Die Erfindung betrifft einen Sessel gemäß dem Oberbegriff des Anspruchs 1.

Aus der FR 640 760 A ist ein Sessel bekannt, welcher einen Grundkörper und einen an diesem aufgehängten Sitz umfasst, wobei der Grundkörper einen symmetrischen, geschlossenen Rohrrahmen aufweist, welcher durch zwei horizontale Längsstreben verstärkt ist. Nachteilig an einem derartigen Sessel ist dessen sprödes Verhalten gegenüber den Sessel belastenden Bewegungen einer den Sessel nutzenden Person.

Der Erfindung liegt die Aufgabe zugrunde, einen Sessel zu entwickeln, welcher Belastungen durch eine den Sessel nutzende Person optimal aufnimmt. Weiterhin ist es Aufgabe der Erfindung den Sitzkomfort eines derartigen Sessels zu steigern.

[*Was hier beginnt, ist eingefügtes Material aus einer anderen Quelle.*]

lemma nrm_unit: "g x \<noteq> 0 \<Longrightarrow> norm (nrm g x) = 1"
  by (simp add: nrm_def)

lemma kin_alpha_boundary_ge:
  assumes chi_mono: "mono chi" and chi_id: "\<And>s. 0 \<le> s \<Longrightarrow> s \<le> \<epsilon> \<Longrightarrow> chi s = s" and eps: "0 \<le> \<epsilon>"
    and x: "xi x = 0" and g0: "g0 \<le> norm (gxi x)" and v1: "0 < nrm gxi x \<bullet> v1"
  shows "min (g0 * (nrm gxi x \<bullet> v1)) \<epsilon> \<le> kin_alpha chi xi gxi hxi x v1"
proof -
  define s where "s = nrm gxi x \<bullet> v1"
  have s: "0 < s" using v1 by (simp add: s_def)
  then have "gxi x \<noteq> 0" by (auto simp: s_def nrm_def)
  then have "v1 \<bullet> gxi x = norm (gxi x) * s"
    by (simp add: s_def nrm_def inner_commute)
  then have alpha: "kin_alpha chi xi gxi hxi x v1 = chi (norm (gxi x) * s)"
    using s x by (simp add: kin_alpha_def abs_mult)
  show ?thesis
  proof (cases "norm (gxi x) * s \<le> \<epsilon>")
    case True
    then have "kin_alpha chi xi gxi hxi x v1 = norm (gxi x) * s"
      using s by (simp add: alpha chi_id)
    moreover have "g0 * s \<le> norm (gxi x) * s"
      using g0 s by (simp add: mult_right_mono)
    ultimately show ?thesis by (simp add: s_def)
  next
    case False
    then have "chi \<epsilon> \<le> kin_alpha chi xi gxi hxi x v1"
      using chi_mono by (simp add: alpha monoD)
    then show ?thesis
      using chi_id[OF eps order_refl] by simp
  qed
qed

lemma boundary_point_near_diffuse_normal:
  assumes "0 < T0" and "\<bar>tw - T0\<bar> < min (1 / 100) (T0 / 10)" and "gxi x \<noteq> 0"
    and "0 < rperp \<and> rperp \<le> 1 \<and> 0 < rpar \<and> rpar < 2
      \<and> max \<bar>1 - rperp\<bar> \<bar>1 - rpar\<bar> < min (1 / 100) (T0 / 10)"
  shows "near_diffuse_normal T0 tw rperp rpar (nrm gxi x)"
proof unfold_locales
  have "\<bar>1 - rperp\<bar> < 1 / 100" and rpar: "\<bar>1 - rpar\<bar> < 1 / 100"
    using assms(4) unfolding max_less_iff_conj min_less_iff_conj by auto
  then show "99 / 100 < rperp"
    using abs_ge_self[of "1 - rperp"] by linarith
  show "\<bar>1 - rpar\<bar> < 1 / 100" by (fact rpar)
  show "norm (nrm gxi x) = 1"
    using assms(3) by (rule nrm_unit)
qed (use assms in auto)
(* Let $M$ be a binary matroid. Then $P(M)$ has no nontrivial hyperplane split.
   Context: A matroid is binary if it is representable over $\mathbb{F}_2$. For a matroid $N$ on $E=\{1,\dots,n\}$, $P(N)=\mathrm{conv}\{\sum_{i\in B}e_i : B \text{ a base of } N\}\subset\mathbb{R}^n$. A hyperplane split of $P(N)$ is an expression $P(N)=P(N_1)\cup P(N_2)$ with $N_1,N_2$ matroids on $E$ such that $P(N_1)\cap P(N_2)$ is a face of both $P(N_1)$ and $P(N_2)$; it is nontrivial if $P(N_1)\neq P(N)$ and $P(N_2)\neq P(N)$. *)

theory Defs
  imports "HOL-Analysis.Analysis" "HOL-Library.Z2"
begin

text \<open>A matroid on the finite ground set UNIV of the finite type 'n, given by its set of bases
  (base axioms: nonempty, basis exchange).\<close>
definition matroid_bases :: "'n::finite set set \<Rightarrow> bool" where
  "matroid_bases \<B> \<longleftrightarrow> \<B> \<noteq> {} \<and>
     (\<forall>B1\<in>\<B>. \<forall>B2\<in>\<B>. \<forall>x\<in>B1 - B2. \<exists>y\<in>B2 - B1. insert y (B1 - {x}) \<in> \<B>)"

text \<open>Linear independence over GF(2) of the columns indexed by S of a matrix A
  (column e is the vector i \<mapsto> A e i).\<close>
definition gf2_indep :: "('n \<Rightarrow> nat \<Rightarrow> bit) \<Rightarrow> 'n set \<Rightarrow> bool" where
  "gf2_indep A S \<longleftrightarrow>
     (\<forall>c :: 'n \<Rightarrow> bit. (\<forall>i. (\<Sum>e\<in>S. c e * A e i) = 0) \<longrightarrow> (\<forall>e\<in>S. c e = 0))"

definition binary_matroid :: "'n::finite set set \<Rightarrow> bool" where
  "binary_matroid \<B> \<longleftrightarrow> (\<exists>A :: 'n \<Rightarrow> nat \<Rightarrow> bit.
     \<B> = {S. gf2_indep A S \<and> (\<forall>e. gf2_indep A (insert e S) \<longrightarrow> e \<in> S)})"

Diese Aufgabe wird ausgehend von den Merkmalen des Oberbegriffs des Anspruchs 1 durch die kennzeichnenden Merkmale des Anspruchs 1 gelöst. In den Unteransprüchen sind vorteilhafte und zweckmäßige Weiterbildungen angegeben.

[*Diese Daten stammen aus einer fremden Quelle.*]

lemma aas_natural:
  assumes "u \<in> Hom M m m'" "v \<in> Hom M n n'" "f \<in> Hom C y y'"
  shows "cmp C (act_a C (tens_a M u v) f) (aas C m' n' y') = cmp C (aas C m n y) (act_a C u (act_a C v f))"
proof -
  have "m \<in> Ob M" "m' \<in> Ob M" "n \<in> Ob M" "n' \<in> Ob M" "y \<in> Ob C" "y' \<in> Ob C"
    using assms M.dom_ob M.cod_ob C.dom_ob C.cod_ob by blast+
  with assms actegory show ?thesis unfolding actegory_def by blast
qed


lemma act_id_hom: "u \<in> Hom M n n' \<Longrightarrow> y \<in> Ob C \<Longrightarrow>
    act_a C u (idm C y) \<in> Hom C (act_o C n y) (act_o C n' y)"
  by (intro act.hom_closed C.id_hom)

lemma id_act_hom: "m \<in> Ob M \<Longrightarrow> f \<in> Hom C y y' \<Longrightarrow>
    act_a C (idm M m) f \<in> Hom C (act_o C m y) (act_o C m y')"
  by (intro act.hom_closed M.id_hom)

lemma act_comp_id: "u \<in> Hom M a b \<Longrightarrow> v \<in> Hom M b c \<Longrightarrow> y \<in> Ob C \<Longrightarrow>
    act_a C (cmp M u v) (idm C y) = cmp C (act_a C u (idm C y)) (act_a C v (idm C y))"
  using act.preserves_comp[OF _ _ C.id_hom C.id_hom] C.id_left[OF C.id_hom] by metis

lemma id_act_comp: "m \<in> Ob M \<Longrightarrow> f \<in> Hom C a b \<Longrightarrow> g \<in> Hom C b c \<Longrightarrow>
    act_a C (idm M m) (cmp C f g) = cmp C (act_a C (idm M m) f) (act_a C (idm M m) g)"
  using act.preserves_comp[OF M.id_hom M.id_hom] M.id_left[OF M.id_hom] by metis

lemma act_tens_id_eq_aas_conj:
  assumes "m \<in> Ob M" "h \<in> Hom M k k'" "y \<in> Ob C"
  shows "cmp C (cmp C (aas C m k y) (act_a C (idm M m) (act_a C h (idm C y)))) (aas_inv C m k' y)
    = act_a C (tens_a M (idm M m) h) (idm C y)"
proof -
  have k': "k' \<in> Ob M" using assms M.cod_ob by blast
  have t: "act_a C (tens_a M (idm M m) h) (idm C y)
      \<in> Hom C (act_o C (tens_o M m k) y) (act_o C (tens_o M m k') y)"
    using assms by (intro act_id_hom tens.hom_closed M.id_hom)
  have "cmp C (aas C m k y) (act_a C (idm M m) (act_a C h (idm C y)))
      = cmp C (act_a C (tens_a M (idm M m) h) (idm C y)) (aas C m k' y)"
    using aas_natural[OF M.id_hom[OF assms(1)] assms(2) C.id_hom[OF assms(3)]] by simp
  then show ?thesis
    using C.comp_assoc[OF t aas_hom aas_inv_hom] assms k' t
    by (simp add: aas_aas_inv C.id_right)
qed

lemma coend_RL_repE:
  assumes "x \<in> Ob C" "x' \<in> Ob C" "\<xi> \<in> coend (selfact M) (Rp M C x) (Lp M C x') c c'"
  obtains n h k where "rep \<xi> = (n, h, k)" "\<xi> = ce_cls (selfact M) (Rp M C x) (Lp M C x') c c' (n, h, k)"
    "n \<in> Ob M" "h \<in> Hom C c (act_o C n x)" "k \<in> Hom C (act_o C n x') c'"
  by (rule coend_repE[OF _ _ assms(3)]) (use assms in \<open>auto intro: C.comp_hom act_id_hom\<close>)

lemma coend_LR_repE:
  assumes "\<zeta> \<in> coend C (Lp M C x) (Rp M C x) k k'"
  obtains d p q where "rep \<zeta> = (d, p, q)" "\<zeta> = ce_cls C (Lp M C x) (Rp M C x) k k' (d, p, q)"
    "d \<in> Ob C" "p \<in> Hom C (act_o C k x) d" "q \<in> Hom C d (act_o C k' x)"
  by (rule coend_repE[OF _ _ assms]) (auto intro: C.comp_hom)

lemma eps_eq_rep: "rep \<xi> = (n, h, k) \<Longrightarrow> eps C x c c' \<xi> = cmp C h k"
  unfolding eps_def by simp

lemma eps_RL_ce_cls: "x \<in> Ob C \<Longrightarrow>
    eps C x c c' (ce_cls (selfact M) (Rp M C x) (Lp M C x) c c' (n, h, k)) = cmp C h k"
  unfolding eps_def by (rule case_rep_ce_cls) (simp, metis C.comp_assoc act_id_hom)
(* Let $\mu$ be a positive, finite, continuous (i.e. atomless) Borel measure on $\mathbb{R}^n$ and $\nu$ a positive, finite, continuous Borel measure on $\mathbb{R}^m$, and assume that each of $L^2(\mu)$ and $L^2(\nu)$ admits a Fourier frame. Define the measure $\rho=\mu\times\delta_0+\delta_0\times\nu$ on $\mathbb{R}^{n+m}=\mathbb{R}^n\times\mathbb{R}^m$, i.e. $$\int_{\mathbb{R}^n\times\mathbb{R}^m} f(x,y)\,d\rho(x,y)=\int_{\mathbb{R}^n} f(x,0)\,d\mu(x)+\int_{\mathbb{R}^m} f(0,y)\,d\nu(y)$$ for every continuous compactly supported $f$. Then $L^2(\rho)$ admits a Fourier frame.
   Context: For $\lambda\in\mathbb{R}^d$ let $e_\lambda(x)=e^{2\pi i\langle\lambda,x\rangle}$. For a positive finite Borel measure $\mu$ on $\mathbb{R}^d$ and a countable set $\Lambda\subset\mathbb{R}^d$, the system $E(\Lambda)=\{e_\lambda\}_{\lambda\in\Lambda}$ is a Fourier frame for $L^2(\mu)$ if there are constants $0<A,B<\infty$ with $A\|f\|^2_{L^2(\mu)}\le\sum_{\lambda\in\Lambda}|\langle f,e_\lambda\rangle_{L^2(\mu)}|^2\le B\|f\|^2_{L^2(\mu)}$ for all $f\in L^2(\mu)$. "$L^2(\mu)$ admits a Fourier frame" means such a $\Lambda$ exists. $\delta_0$ denotes the Dirac measure at the origin. *)

theory Defs
  imports "HOL-Analysis.Analysis"
begin

definition expo :: "'a::euclidean_space \<Rightarrow> 'a \<Rightarrow> complex" where
  "expo l x = cis (2 * pi * (l \<bullet> x))"

definition L2 :: "'a::euclidean_space measure \<Rightarrow> ('a \<Rightarrow> complex) set" where
  "L2 M = {f. f \<in> borel_measurable M \<and> integrable M (\<lambda>x. (cmod (f x))\<^sup>2)}"

definition L2_norm_sq :: "'a::euclidean_space measure \<Rightarrow> ('a \<Rightarrow> complex) \<Rightarrow> real" where
  "L2_norm_sq M f = (\<integral>x. (cmod (f x))\<^sup>2 \<partial>M)"

definition L2_inner :: "'a::euclidean_space measure \<Rightarrow> ('a \<Rightarrow> complex) \<Rightarrow> ('a \<Rightarrow> complex) \<Rightarrow> complex" where
  "L2_inner M f g = (\<integral>x. f x * cnj (g x) \<partial>M)"

definition fourier_frame :: "'a::euclidean_space measure \<Rightarrow> 'a set \<Rightarrow> bool" where
  "fourier_frame M \<Lambda> \<longleftrightarrow> countable \<Lambda> \<and>
     (\<exists>A B. 0 < A \<and> 0 < B \<and>
        (\<forall>f \<in> L2 M.
           (\<lambda>l. (cmod (L2_inner M f (expo l)))\<^sup>2) summable_on \<Lambda> \<and>
           A * L2_norm_sq M f \<le> (\<Sum>\<^sub>\<infinity>l\<in>\<Lambda>. (cmod (L2_inner M f (expo l)))\<^sup>2) \<and>
           (\<Sum>\<^sub>\<infinity>l\<in>\<Lambda>. (cmod (L2_inner M f (expo l)))\<^sup>2) \<le> B * L2_norm_sq M f))"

Der erfindungsgemäße Sessel weist ein Sitzelement mit einem geschlossenen Rohrrahmen und ein Rückenelement mit einem geschlossenen Rohrrahmen auf. Hierdurch verfügt der Sessel neben einem Grundkörper bzw. Grundgestell mit einem geschlossenen Rohrrahmen noch über zwei weitere Bauteile, welche durch ihre geschlossene Struktur eine hohe Eigenstabilität aufweisen und so eine Gesamtstabilität des Sessels erhöhen. Somit stellen das Sitzelement und das Rückenelement nicht wie beim Stand der Technik eine zusätzliche Belastung des Grundkörpers dar, sondern der Grundkörper kann über das Sitzelement und das Rückenelement Kräfte übertragen bzw. das Sitzelement und das Rückenelement sind auch unabhängig von dem Grundkörper hinreichend stabil um Belastungen aufzunehmen. Kern der Erfindung ist somit eine Verwirklichung von geschlossenen Strukturen bei allen wesentlichen Hauptbaugruppen des Sessels.

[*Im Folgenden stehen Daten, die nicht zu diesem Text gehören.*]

(* Let $\Lambda\in\mathbb{R}^{n\times n}$ be diagonal with entries $\lambda_{ii}\in[0,1]$, let $W^{(1)},W^{(2)}\in\mathbb{R}^{n\times n}$ be entrywise nonnegative with $W^{(1)}+W^{(2)}$ row-stochastic, and $s\in\mathbb{R}^n$. Consider the FJ-MM system $$x(t+1)=\Lambda\big(W^{(1)}x(t)+W^{(2)}x(t-1)\big)+(I-\Lambda)s \tag{A}$$ and the comparison FJ system $$x(t+1)=\bar A x(t)+(I-\Lambda)s,\qquad \bar A:=\Lambda\big(W^{(1)}+W^{(2)}\big). \tag{B}$$ The following are equivalent: (i) system (A) is exponentially stable, i.e. $\rho(\bar A_d)<1$ where $\bar A_d:=\begin{pmatrix}0 & I\\ \Lambda W^{(2)} & \Lambda W^{(1)}\end{pmatrix}\in\mathbb{R}^{2n\times 2n}$; (ii) system (B) is exponentially stable, i.e. $\rho(\bar A)<1$; (iii) the set $\hat{\mathcal V}:=\{i:\lambda_{ii}<1\}$ is non-empty and globally reachable in the directed graph $\mathcal G[W^{(1)}+W^{(2)}]$ (in particular this holds if $\lambda_{ii}<1$ for all $i$). Moreover, if (i)–(iii) hold, then $I-\bar A$ is invertible and every solution of (A) (for any initial data $x(-1),x(0)$) and every solution of (B) converges to $$\bar x=(I-\bar A)^{-1}(I-\Lambda)s,$$ which is the unique equilibrium of both systems.
   Context: $\rho(M)$ denotes the spectral radius. For an entrywise nonnegative $n\times n$ matrix $W=(w_{ij})$, $\mathcal G[W]$ is the directed graph on nodes $\{1,\dots,n\}$ with an edge $(i,j)$ iff $w_{ij}>0$. A set of nodes $S$ is globally reachable if from every node there is a directed walk (possibly of length zero) to some node of $S$. System (A) is equivalent to $y(t)=\bar A_d y(t-1)+\begin{pmatrix}0\\(I-\Lambda)s\end{pmatrix}$ with $y(t-1)=(x(t-1)^\top,x(t)^\top)^\top$. *)

theory Defs
  imports "Jordan_Normal_Form.Spectral_Radius" "Jordan_Normal_Form.Gauss_Jordan_Elimination"
begin

definition graph_edges :: "nat \<Rightarrow> real mat \<Rightarrow> (nat \<times> nat) set" where
  "graph_edges n W = {(i,j). i < n \<and> j < n \<and> W $$ (i,j) > 0}"

definition globally_reachable :: "nat \<Rightarrow> real mat \<Rightarrow> nat set \<Rightarrow> bool" where
  "globally_reachable n W S \<longleftrightarrow> (\<forall>i<n. \<exists>j\<in>S. (i,j) \<in> (graph_edges n W)\<^sup>*)"

definition row_stochastic :: "nat \<Rightarrow> real mat \<Rightarrow> bool" where
  "row_stochastic n W \<longleftrightarrow> (\<forall>i<n. (\<Sum>j<n. W $$ (i,j)) = 1)"

definition nonneg_mat :: "real mat \<Rightarrow> bool" where
  "nonneg_mat W \<longleftrightarrow> (\<forall>i<dim_row W. \<forall>j<dim_col W. W $$ (i,j) \<ge> 0)"

definition rho :: "real mat \<Rightarrow> real" where
  "rho A = spectral_radius (map_mat complex_of_real A)"

definition Abar :: "real mat \<Rightarrow> real mat \<Rightarrow> real mat \<Rightarrow> real mat" where
  "Abar L W1 W2 = L * (W1 + W2)"

definition Abar_d :: "nat \<Rightarrow> real mat \<Rightarrow> real mat \<Rightarrow> real mat \<Rightarrow> real mat" where
  "Abar_d n L W1 W2 = four_block_mat (0\<^sub>m n n) (1\<^sub>m n) (L * W2) (L * W1)"

end

theory Submission
  imports Defs
begin

(*
  Write A = L (W1 + W2) for the comparison matrix: it is nonnegative with row sums L_ii <= 1.
  Let u_k = A^k 1 be the row sums of its powers. If every node reaches a node with L_ii < 1,
  every u_k(i) eventually drops below 1, and substochasticity makes u_k decay geometrically.
  A nonnegative sequence with p(t+2) <= L W1 p(t+1) + L W2 p(t) costs at least one factor A
  every two steps, so it is dominated by C u_(t div 2) and tends to 0. Applied to
  |mu|^t |w| for an eigenpair of A or of the block matrix Ad, this gives both spectral radii
  below 1; applied to the distance of a trajectory from a fixed point, it gives convergence,
  uniqueness of the equilibrium and the invertibility of I - A.
  Conversely, if some node reaches no node with L_ii < 1, the indicator v of the set it
  reaches is a nonnegative vector with v <= A v (and likewise for Ad), which is incompatible
  with a spectral radius below 1.
*)

lemma mult_mat_vec_index_sum:
  fixes M :: "'a :: comm_semiring_0 mat"
  assumes "M \<in> carrier_mat m n" "y \<in> carrier_vec n" "i < m"
  shows "(M *\<^sub>v y) $ i = (\<Sum>j<n. M $$ (i,j) * y $ j)"
  using assms by (auto simp: scalar_prod_def lessThan_atLeast0 intro!: sum.cong)

lemma diagonal_mat_mult_vec_index:
  fixes L :: "'a :: comm_semiring_0 mat"
  assumes L: "L \<in> carrier_mat n n" and "diagonal_mat L" and y: "y \<in> carrier_vec n" and i: "i < n"
  shows "(L *\<^sub>v y) $ i = L $$ (i,i) * y $ i"
proof -
  have "(L *\<^sub>v y) $ i = (\<Sum>j<n. if j = i then L $$ (i,i) * y $ i else 0)"
    unfolding mult_mat_vec_index_sum[OF L y i]
    using assms unfolding diagonal_mat_def by (intro sum.cong) auto
  then show ?thesis using i by simp
qed

lemma diagonal_mat_mult_index:
  fixes L :: "'a :: comm_semiring_0 mat"
  assumes L: "L \<in> carrier_mat n n" and "diagonal_mat L" and W: "W \<in> carrier_mat n n"
    and i: "i < n" and j: "j < n"
  shows "(L * W) $$ (i,j) = L $$ (i,i) * W $$ (i,j)"
proof -
  have "(L * W) $$ (i,j) = (L *\<^sub>v col W j) $ i" using L W i j by simp
  also have "\<dots> = L $$ (i,i) * W $$ (i,j)"
    using W i j by (subst diagonal_mat_mult_vec_index[OF L \<open>diagonal_mat L\<close> _ i]) auto
  finally show ?thesis .
qed

lemma of_real_mult_vec_index:
  fixes M :: "real mat" and z :: "complex vec"
  assumes "M \<in> carrier_mat n n" "z \<in> carrier_vec n" "i < n" and "\<And>j. j < n \<Longrightarrow> M $$ (i,j) = c j"
  shows "(map_mat of_real M *\<^sub>v z) $ i = (\<Sum>j<n. of_real (c j) * z $ j)"
  using mult_mat_vec_index_sum[of "map_mat of_real M" n n z i] assms by simp

lemma companion_block_mult_vec:
  fixes A21 A22 :: "'a :: comm_ring_1 mat"
  assumes "A21 \<in> carrier_mat n n" "A22 \<in> carrier_mat n n" "a \<in> carrier_vec n" "b \<in> carrier_vec n"
  shows "four_block_mat (0\<^sub>m n n) (1\<^sub>m n) A21 A22 *\<^sub>v (a @\<^sub>v b) = b @\<^sub>v (A21 *\<^sub>v a + A22 *\<^sub>v b)"
  using assms by (subst four_block_mat_mult_vec[of _ n n _ n _ n]) auto

lemma smult_append_vec:
  "a \<in> carrier_vec n \<Longrightarrow> b \<in> carrier_vec m \<Longrightarrow> c \<cdot>\<^sub>v (a @\<^sub>v b) = (c \<cdot>\<^sub>v a) @\<^sub>v (c \<cdot>\<^sub>v b)"
  by (rule eq_vecI) (auto simp: index_append_vec)

lemma nonzero_vec_index:
  assumes "w \<in> carrier_vec n" "w \<noteq> 0\<^sub>v n"
  obtains i where "i < n" "w $ i \<noteq> 0"
  using assms by (metis eq_vecI carrier_vecD index_zero_vec)

lemma norm_sum_of_real_mult_le:
  fixes z :: "'b \<Rightarrow> 'a :: real_normed_div_algebra"
  assumes "\<And>j. j \<in> A \<Longrightarrow> 0 \<le> c j"
  shows "norm (\<Sum>j\<in>A. of_real (c j) * z j) \<le> (\<Sum>j\<in>A. c j * norm (z j))"
proof -
  have "norm (\<Sum>j\<in>A. of_real (c j) * z j) \<le> (\<Sum>j\<in>A. norm (of_real (c j) * z j))"
    by (rule norm_sum)
  also have "\<dots> = (\<Sum>j\<in>A. c j * norm (z j))"
    using assms by (intro sum.cong) (auto simp: norm_mult)
  finally show ?thesis .
qed

lemma abs_sum_mult_le:
  fixes z :: "'b \<Rightarrow> real"
  assumes "\<And>j. j \<in> A \<Longrightarrow> 0 \<le> c j"
  shows "\<bar>\<Sum>j\<in>A. c j * z j\<bar> \<le> (\<Sum>j\<in>A. c j * \<bar>z j\<bar>)"
  using norm_sum_of_real_mult_le[of A c z] assms by simp

section \<open>Nonnegative matrices and the spectral radius\<close>

lemma nonneg_mat_mult:
  assumes "nonneg_mat A" "nonneg_mat B" "dim_col A = dim_row B"
  shows "nonneg_mat (A * B)"
  using assms unfolding nonneg_mat_def
  by (auto simp: scalar_prod_def intro!: sum_nonneg mult_nonneg_nonneg)

lemma nonneg_mat_pow:
  assumes "A \<in> carrier_mat m m" "nonneg_mat A"
  shows "nonneg_mat (A ^\<^sub>m k)"
proof (induction k)
  case 0
  then show ?case by (simp add: nonneg_mat_def)
next
  case (Suc k)
  then show ?case using assms by (simp add: nonneg_mat_mult)
qed

lemma nonneg_mat_mult_vec_mono:
  fixes A :: "real mat"
  assumes A: "A \<in> carrier_mat m n" "nonneg_mat A" and u: "u \<in> carrier_vec n" and v: "v \<in> carrier_vec n"
    and le: "\<And>j. j < n \<Longrightarrow> u $ j \<le> v $ j" and i: "i < m"
  shows "(A *\<^sub>v u) $ i \<le> (A *\<^sub>v v) $ i"
  unfolding mult_mat_vec_index_sum[OF A(1) u i] mult_mat_vec_index_sum[OF A(1) v i]
  using A i le unfolding nonneg_mat_def by (intro sum_mono mult_left_mono) auto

Die Erfindung sieht weiterhin vor, das Rückenelement mit seinem geschlossenen Rohrrahmen um eine erste horizontale Schwenkachse schwenkbar zwischen den horizontalen Längsstreben des Grundkörpers zu lagern, wobei die Rohrrahmen des Sitzelements und des Rückenelements um eine zweite horizontale Schwenkachse schwenkbar miteinander verbunden sind, wobei der Rohrrahmen des Sitzelements eine vordere Querstrebe des Grundkörpers übergreift und auf einer Kreisbahn um die vordere Querstrebe des Grundkörpers schwenkbar geführt ist. Hierdurch ist es möglich einer den Sessel nutzenden Person mehrere Sitzpositionen anzubieten, wobei sich der aus dem Sitzelement und dem Rückenelement bestehende Sitz von einer aufrechten Sitzstellung in eine leicht zurückgeneigte Sitzstellung bewegen lässt. Eine derartige Komfortfunktion des Sessels ist im wesentlichen erst durch die Ausbildung des Sitzelements aus zwei Hauptbaugruppen mit Eigenstabilität möglich.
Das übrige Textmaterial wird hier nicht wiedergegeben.